RECORDS SUPPLIED:
_____

lemma orth_proj_unique:
  assumes "subspace F" "y \<in> F" "\<forall>z\<in>F. (x - y) \<bullet> z = 0"
  shows "orth_proj F x = y"
  unfolding orth_proj_def
proof (rule the_equality)
  show "y \<in> F \<and> (\<forall>z\<in>F. (x - y) \<bullet> z = 0)" using assms by blast
  show "y' = y" if "y' \<in> F \<and> (\<forall>z\<in>F. (x - y') \<bullet> z = 0)" for y'
    using orth_proj_witness_unique[OF assms] that by blast
qed

lemma orth_proj_in_orthogonal:
  assumes "subspace F"
  shows "orth_proj F x \<in> F \<and> (\<forall>z\<in>F. (x - orth_proj F x) \<bullet> z = 0)"
proof -
  obtain y z where "y \<in> span F" "\<And>w. w \<in> span F \<Longrightarrow> orthogonal z w" "x = y + z"
    using orthogonal_subspace_decomp_exists by blast
  then have "y \<in> F \<and> (\<forall>w\<in>F. (x - y) \<bullet> w = 0)"
    using assms by (metis add_diff_cancel_left' orthogonal_def span_eq_iff)
  then show ?thesis using orth_proj_unique[OF assms] by blast
qed

lemma orth_proj_in: "subspace F \<Longrightarrow> orth_proj F x \<in> F"
  using orth_proj_in_orthogonal by blast

lemma orth_proj_orthogonal: "subspace F \<Longrightarrow> z \<in> F \<Longrightarrow> (x - orth_proj F x) \<bullet> z = 0"
  using orth_proj_in_orthogonal by blast

lemma orth_proj_id: "subspace F \<Longrightarrow> x \<in> F \<Longrightarrow> orth_proj F x = x"
  by (rule orth_proj_unique) auto

lemma orth_proj_idem: "subspace F \<Longrightarrow> orth_proj F (orth_proj F x) = orth_proj F x"
  by (simp add: orth_proj_id orth_proj_in)

lemma orth_proj_orth_compl: "subspace F \<Longrightarrow> x \<in> orth_compl F \<Longrightarrow> orth_proj F x = 0"
  by (rule orth_proj_unique) (auto simp: orth_compl_def subspace_0)

lemma inner_orth_proj_commute:
  assumes "subspace F"
  shows "orth_proj F x \<bullet> y = x \<bullet> orth_proj F y"
proof -
  have "orth_proj F x \<bullet> (y - orth_proj F y) = 0" "(x - orth_proj F x) \<bullet> orth_proj F y = 0"
    using orth_proj_orthogonal[OF assms orth_proj_in[OF assms]] by (simp_all add: inner_commute)
  then show ?thesis by (simp add: inner_diff_left inner_diff_right)
qed
(* Let $t=\frac13$ and $p=\frac1b$ for an integer $b\ge3$. Then bold play is optimal, i.e. $\pi(p,\frac13)=1-(1-p)^3$, attained by $c_1=c_2=c_3=\frac13$, $c_i=0$ for $i\ge4$.
   Context: Let $\beta_1,\beta_2,\ldots$ be independent Bernoulli random variables with success probability $p$. A stake sequence is a sequence $\gamma=(c_1,c_2,\ldots)$ of non-negative reals with $c_1\ge c_2\ge\cdots$ and $\sum_i c_i=1$; write $S_\gamma=\sum_i c_i\beta_i$. For $0\le p\le t\le 1$ define $\pi(p,t)=\sup\{\mathbf P(S_\gamma\ge t)\mid \gamma \text{ a stake sequence}\}$. Bold play for threshold $t$ is the stake sequence with $c_i=\frac1m$ for $i\le m$ and $c_i=0$ for $i>m$, where $m=\lfloor 1/t\rfloor$; it is optimal if it attains $\pi(p,t)$. *)

theory Defs
  imports "HOL-Probability.Probability"
begin

text \<open>Indices are shifted by one: c 0 is the paper's c_1.\<close>

definition stake_seq :: "(nat \<Rightarrow> real) \<Rightarrow> bool" where
  "stake_seq c \<longleftrightarrow> (\<forall>i. 0 \<le> c i) \<and> (\<forall>i. c (Suc i) \<le> c i) \<and> c sums 1"

definition bern_space :: "real \<Rightarrow> bool stream measure" where
  "bern_space p = stream_space (measure_pmf (bernoulli_pmf p))"

definition S_gamma :: "(nat \<Rightarrow> real) \<Rightarrow> bool stream \<Rightarrow> real" where
  "S_gamma c \<omega> = (\<Sum>i. c i * (if \<omega> !! i then 1 else 0))"

definition win_prob :: "real \<Rightarrow> real \<Rightarrow> (nat \<Rightarrow> real) \<Rightarrow> real" where
  "win_prob p t c = measure (bern_space p) {\<omega> \<in> space (bern_space p). S_gamma c \<omega> \<ge> t}"

definition pi_opt :: "real \<Rightarrow> real \<Rightarrow> real" where
  "pi_opt p t = (SUP c \<in> {c. stake_seq c}. win_prob p t c)"

definition bold_play :: "real \<Rightarrow> nat \<Rightarrow> real" where
  "bold_play t i = (let m = nat \<lfloor>1 / t\<rfloor> in if i < m then 1 / real m else 0)"

end

theory Submission
  imports Defs
begin

text \<open>For \<open>p = 1/b\<close>, throw every stake independently into one of \<open>b\<close> bins, uniformly at
random. For a fixed bin \<open>j\<close> the events "stake \<open>i\<close> lands in \<open>j\<close>" are independent of
probability \<open>p\<close>, so \<open>b \<cdot> P(S \<ge> t)\<close> is the expected number of bins whose load reaches \<open>t\<close>.
Condition on the bins of all stakes except the two largest ones \<open>c\<^sub>1 \<ge> c\<^sub>2\<close>. If the
other stakes together with either of \<open>c\<^sub>1, c\<^sub>2\<close> sum to less than \<open>3t\<close>, at most two bins
already reach \<open>t\<close>, and among the \<open>b\<^sup>2\<close> placements of \<open>c\<^sub>1, c\<^sub>2\<close> at most
\<open>3b\<^sup>2 - 3b + 1\<close> (placement, bin) pairs reach \<open>t\<close>; hence \<open>P(S \<ge> t) \<le> (3b\<^sup>2 - 3b + 1)/b\<^sup>3 = 1 - (1 - p)\<^sup>3\<close>.
For an infinite stake sequence with \<open>c\<^sub>2 > 0\<close> this applies to all truncations at a threshold
\<open>t\<close> slightly below \<open>1/3\<close>, and continuity of measure passes to the limit.\<close>

lemma sum_if_eq_split:
  fixes x y :: "'b::comm_ring_1"
  assumes "finite A" "j \<in> A"
  shows "(\<Sum>i\<in>A. if i = j then x else y) = x + of_nat (card A - 1) * y"
  using assms by (simp add: sum.If_cases Diff_eq[symmetric])

lemma sum_list_n_lists_upt_Suc:
  "(\<Sum>x\<leftarrow>List.n_lists (Suc n) [0..<b]. f x) = (\<Sum>ys\<leftarrow>List.n_lists n [0..<b]. \<Sum>y<b. f (y # ys))"
proof -
  have "(\<Sum>x\<leftarrow>concat (map (\<lambda>ys. map (\<lambda>y. y # ys) [0..<b]) yss). f x) = (\<Sum>ys\<leftarrow>yss. \<Sum>y<b. f (y # ys))"
    for yss by (induction yss) (simp_all add: comp_def sum_set_upt_conv_sum_list_nat[symmetric] atLeast0LessThan)
  then show ?thesis by simp
qed

lemma sum_list_sum_swap:
  "(\<Sum>x\<leftarrow>xs. \<Sum>j\<in>A. f x j) = (\<Sum>j\<in>A. \<Sum>x\<leftarrow>xs. f x j)"
  by (induction xs) (simp_all add: sum.distrib)

lemma sum_list_n_lists_upt_le:
  assumes "\<And>ys. length ys = n \<Longrightarrow> set ys \<subseteq> {..<b} \<Longrightarrow> f ys \<le> K"
  shows "(\<Sum>ys\<leftarrow>List.n_lists n [0..<b]. f ys) \<le> real b ^ n * K"
proof -
  have "(\<Sum>ys\<leftarrow>List.n_lists n [0..<b]. f ys) \<le> (\<Sum>ys\<leftarrow>List.n_lists n [0..<b]. K)"
    by (rule sum_list_mono) (use assms in \<open>auto simp: set_n_lists atLeast0LessThan\<close>)
  then show ?thesis by (simp add: sum_list_triv length_n_lists)
qed

lemma card_mult_le_sum:
  fixes w :: "'a \<Rightarrow> real"
  assumes "finite A" "\<And>j. j \<in> A \<Longrightarrow> 0 \<le> w j" "H \<subseteq> A" "\<And>j. j \<in> H \<Longrightarrow> t \<le> w j"
  shows "real (card H) * t \<le> sum w A"
proof -
  have "real (card H) * t = (\<Sum>j\<in>H. t)" by simp
  also have "\<dots> \<le> sum w H" using assms(4) by (rule sum_mono)
  also have "\<dots> \<le> sum w A" using assms by (intro sum_mono2) auto
  finally show ?thesis .
qed

fun finite_win_prob :: "real \<Rightarrow> real list \<Rightarrow> real \<Rightarrow> real" where
  "finite_win_prob p [] t = of_bool (t \<le> 0)"
| "finite_win_prob p (c # cs) t = p * finite_win_prob p cs (t - c) + (1 - p) * finite_win_prob p cs t"

fun bin_load :: "real list \<Rightarrow> nat list \<Rightarrow> nat \<Rightarrow> real" where
  "bin_load (c # cs) (x # xs) j = (if x = j then c else 0) + bin_load cs xs j"
| "bin_load _ _ j = 0"

lemma bin_load_nonneg: "(\<And>c. c \<in> set cs \<Longrightarrow> 0 \<le> c) \<Longrightarrow> 0 \<le> bin_load cs xs j"
  by (induction cs xs j rule: bin_load.induct) auto

lemma sum_bin_load:
  "length xs = length cs \<Longrightarrow> set xs \<subseteq> {..<b} \<Longrightarrow> (\<Sum>j<b. bin_load cs xs j) = sum_list cs"
proof (induction cs xs "0::nat" rule: bin_load.induct)
  case (1 c cs x xs)
  then show ?case by (simp add: sum.distrib)
qed auto
(* Let $\rho_1\in(0,1)$, $\rho_2\in(0,1-\rho_1)$ and $\eta\sim\mu^{\rho_1,\rho_2}$ constructed from $(a(i))$, $(s(i))$ as in the context. Then for any $x\in\mathbb{Z}$, \[ h^{\rho_1}(x,0)=\hat h^{\rho_1}(x,0)+\sup_{j\ge0}\{h^{\rho_1+\rho_2}(j,0)-\hat h^{\rho_1}(j,0)\}-\sup_{j\ge x}\{h^{\rho_1+\rho_2}(j,0)-h^{\rho_1+\rho_2}(x,0)-(\hat h^{\rho_1}(j,0)-\hat h^{\rho_1}(x,0))\}. \]
   Context: Queueing construction: $(a(i))_{i\in\mathbb{Z}}$, $(s(i))_{i\in\mathbb{Z}}$ independent families of i.i.d. Bernoulli variables with parameters $\rho_1$, $\rho_1+\rho_2$; $\mathcal{A}_{[i,j]}=\sum_{k=i}^ja(k)$, $\mathcal{S}_{[i,j]}=\sum_{k=i}^js(k)$ (empty sums $0$); $Q_i=\sup_{j\ge i-1}(\mathcal{A}_{[i,j]}-\mathcal{S}_{[i,j]})$; $d(i)=1$ iff $s(i)=1$ and ($a(i)=1$ or $Q_{i+1}\ge1$). The configuration $\eta$ has $\eta(i)=1$ if $d(i)=1$, $\eta(i)=2$ if $s(i)=1,d(i)=0$, $\eta(i)=+\infty$ otherwise; its law is $\mu^{\rho_1,\rho_2}$. For a $\{0,1\}$-valued configuration $\zeta$ define its height profile $g(0)=0$, $g(x)=\sum_{i=1}^x(1-2\zeta(i))$ for $x\ge1$, $g(x)=-\sum_{i=x+1}^0(1-2\zeta(i))$ for $x\le-1$. Then $h^{\rho_1}(\cdot,0)$, $h^{\rho_1+\rho_2}(\cdot,0)$, $\hat h^{\rho_1}(\cdot,0)$ are the height profiles of $\zeta=d$, $\zeta=s$, $\zeta=a$ respectively. *)

theory Defs
  imports "HOL-Probability.Probability"
begin

text \<open>Deterministic part of the queueing construction. Bernoulli variables are
  represented as booleans (True = 1).\<close>

definition cnt :: "(int \<Rightarrow> bool) \<Rightarrow> int \<Rightarrow> int \<Rightarrow> int" where
  "cnt b i j = (\<Sum>k\<in>{i..j}. of_bool (b k))"   (* empty sum 0 if j < i *)

definition Qlen :: "(int \<Rightarrow> bool) \<Rightarrow> (int \<Rightarrow> bool) \<Rightarrow> int \<Rightarrow> ereal" where
  "Qlen a s i = (SUP j\<in>{i - 1..}. ereal (of_int (cnt a i j - cnt s i j)))"

definition dep :: "(int \<Rightarrow> bool) \<Rightarrow> (int \<Rightarrow> bool) \<Rightarrow> int \<Rightarrow> bool" where
  "dep a s i \<longleftrightarrow> s i \<and> (a i \<or> Qlen a s (i + 1) \<ge> 1)"

definition height :: "(int \<Rightarrow> bool) \<Rightarrow> int \<Rightarrow> int" where
  "height z x = (if x \<ge> 0 then (\<Sum>i\<in>{1..x}. 1 - 2 * of_bool (z i))
                 else - (\<Sum>i\<in>{x+1..0}. 1 - 2 * of_bool (z i)))"

end

theory Submission
  imports Defs
begin

text \<open>Write \<open>Q(i)\<close> for the queue length. Up to a factor 2, the increment of the difference of
  height profiles \<open>h\<^sup>\<rho>\<^sup>1\<^sup>+\<^sup>\<rho>\<^sup>2 - hat-h\<^sup>\<rho>\<^sup>1\<close> over \<open>(x, j]\<close> is the excess of arrivals over services in that
  window, so the second supremum is \<open>2 Q(x + 1)\<close> and the first is \<open>2 Q(1)\<close>. Lindley's recursion
  \<open>Q(i) = max 0 (a(i) - s(i) + Q(i + 1))\<close> says exactly that \<open>a(i) - d(i) = Q(i) - Q(i + 1)\<close>, and
  summing over \<open>i\<close> gives \<open>h\<^sup>\<rho>\<^sup>1(x) - hat-h\<^sup>\<rho>\<^sup>1(x) = 2 Q(1) - 2 Q(x + 1)\<close>. The only probabilistic
  input is that the queue is finite: the walk \<open>n \<mapsto> \<Sum>\<^sub>k\<^sub>=\<^sub>1\<^sub>.\<^sub>.\<^sub>n (a(k) - s(k))\<close> has drift
  \<open>-\<rho>\<^sub>2 n\<close>, so by Hoeffding's inequality and Borel-Cantelli it is eventually negative almost surely.\<close>

lemma cnt_empty: "j < i \<Longrightarrow> cnt b i j = 0"
  by (simp add: cnt_def)
lemma markoff_solution_exists:
  fixes a i :: "'a::idom"
  assumes i: "i * i = -1" and a: "a \<noteq> 0" and "1 \<le> m" "1 \<le> n"
  shows "\<exists>x y z. is_solution [:a:] (x, y, z) \<and> degree x = m \<and> degree y = n \<and> degree z = m + n"
  using assms(3,4)
proof (induction "m + n" arbitrary: m n rule: less_induct)
  case less
  show ?case
  proof (cases "m = n")
    case True
    define x :: "'a poly" where "x = monom 1 m"
    define y where "y = smult i x"
    have "i \<noteq> 0" using i by auto
    then have deg: "degree x = m" "degree y = n" "x \<noteq> 0" "y \<noteq> 0"
      using True by (simp_all add: x_def y_def degree_monom_eq)
    have "x^2 + y^2 = 0"
      by (simp add: y_def power2_eq_square i mult.assoc[symmetric])
    then have "is_solution [:a:] (x, y, [:a:] * x * y)"
      by (simp add: is_solution_def power2_eq_square)
    moreover have "degree ([:a:] * x * y) = m + n"
      using deg a by (simp add: degree_mult_eq)
    ultimately show ?thesis
      using deg by blast
  next
    case False
    define l h where "l = min m n" and "h = max m n"
    have "l < h" "1 \<le> l" "1 \<le> h - l" "l + (h - l) < m + n" "l + h = m + n"
      using False less.prems by (auto simp: l_def h_def)
    then obtain x y z where sol: "is_solution [:a:] (x, y, z)"
      and deg: "degree x = l" "degree y = h - l" "degree z = l + (h - l)"
      using less.hyps[of l "h - l"] by auto
    have "x \<noteq> 0" "z \<noteq> 0" "degree y < degree x + degree z"
      using deg \<open>1 \<le> l\<close> \<open>l < h\<close> by auto
    then have "degree ([:a:] * x * z - y) = degree x + degree z"
      by (rule degree_vieta[OF a])
    then have "degree ([:a:] * x * z - y) = m + n"
      using deg \<open>l < h\<close> \<open>l + h = m + n\<close> by simp
    moreover note is_solution_vieta[OF sol]
    ultimately show ?thesis
      using deg \<open>l < h\<close> is_solution_swap unfolding l_def h_def
      by (cases "m < n") (fastforce simp: add.commute)+
  qed
qed

lemma markoff_degree_sum:
  fixes x y z :: "'a::idom poly"
  assumes sol: "is_solution [:a:] (x, y, z)" and "a \<noteq> 0" "x \<noteq> 0" "y \<noteq> 0" "z \<noteq> 0"
    and ord: "degree x \<le> degree y" "degree y \<le> degree z"
  shows "degree z = degree x + degree y"
proof -
  have eq: "x^2 + y^2 + z^2 = [:a:] * x * y * z"
    using sol by (simp add: is_solution_def)
  have rhs: "degree ([:a:] * x * y * z) = degree x + degree y + degree z"
    using assms(2-5) by (simp add: degree_mult_eq)
  have sq: "degree (x^2) = 2 * degree x" "degree (y^2) = 2 * degree y" "degree (z^2) = 2 * degree z"
    by (simp_all add: degree_power_eq assms(3-5))
  have xy: "degree (x^2 + y^2) \<le> 2 * degree y"
    using degree_add_le[of "x^2" "2 * degree y" "y^2"] sq ord by simp
  have "degree (x^2 + y^2 + z^2) \<le> 2 * degree z"
    using degree_add_le[of "x^2 + y^2" "2 * degree z" "z^2"] xy sq ord by simp
  then have le: "degree x + degree y \<le> degree z"
    using eq rhs by simp
  show ?thesis
  proof (cases "degree y < degree z")
    case True
    then have "degree (x^2 + y^2 + z^2) = 2 * degree z"
      using xy sq by (simp add: degree_add_eq_right)
    then show ?thesis
      using eq rhs by simp
  next
    case False
    then show ?thesis
      using le ord by simp
  qed
qed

_____

ACTION ITEM: The answer is the lines above between the line holding "real \<Rightarrow> (nat" and the line holding "For an infinite", inclusive, each written out exactly, and no others.

ANSWER TO THIS PROBLEM:
definition win_prob :: "real \<Rightarrow> real \<Rightarrow> (nat \<Rightarrow> real) \<Rightarrow> real" where
  "win_prob p t c = measure (bern_space p) {\<omega> \<in> space (bern_space p). S_gamma c \<omega> \<ge> t}"

definition pi_opt :: "real \<Rightarrow> real \<Rightarrow> real" where
  "pi_opt p t = (SUP c \<in> {c. stake_seq c}. win_prob p t c)"

definition bold_play :: "real \<Rightarrow> nat \<Rightarrow> real" where
  "bold_play t i = (let m = nat \<lfloor>1 / t\<rfloor> in if i < m then 1 / real m else 0)"

end

theory Submission
  imports Defs
begin

text \<open>For \<open>p = 1/b\<close>, throw every stake independently into one of \<open>b\<close> bins, uniformly at
random. For a fixed bin \<open>j\<close> the events "stake \<open>i\<close> lands in \<open>j\<close>" are independent of
probability \<open>p\<close>, so \<open>b \<cdot> P(S \<ge> t)\<close> is the expected number of bins whose load reaches \<open>t\<close>.
Condition on the bins of all stakes except the two largest ones \<open>c\<^sub>1 \<ge> c\<^sub>2\<close>. If the
other stakes together with either of \<open>c\<^sub>1, c\<^sub>2\<close> sum to less than \<open>3t\<close>, at most two bins
already reach \<open>t\<close>, and among the \<open>b\<^sup>2\<close> placements of \<open>c\<^sub>1, c\<^sub>2\<close> at most
\<open>3b\<^sup>2 - 3b + 1\<close> (placement, bin) pairs reach \<open>t\<close>; hence \<open>P(S \<ge> t) \<le> (3b\<^sup>2 - 3b + 1)/b\<^sup>3 = 1 - (1 - p)\<^sup>3\<close>.
For an infinite stake sequence with \<open>c\<^sub>2 > 0\<close> this applies to all truncations at a threshold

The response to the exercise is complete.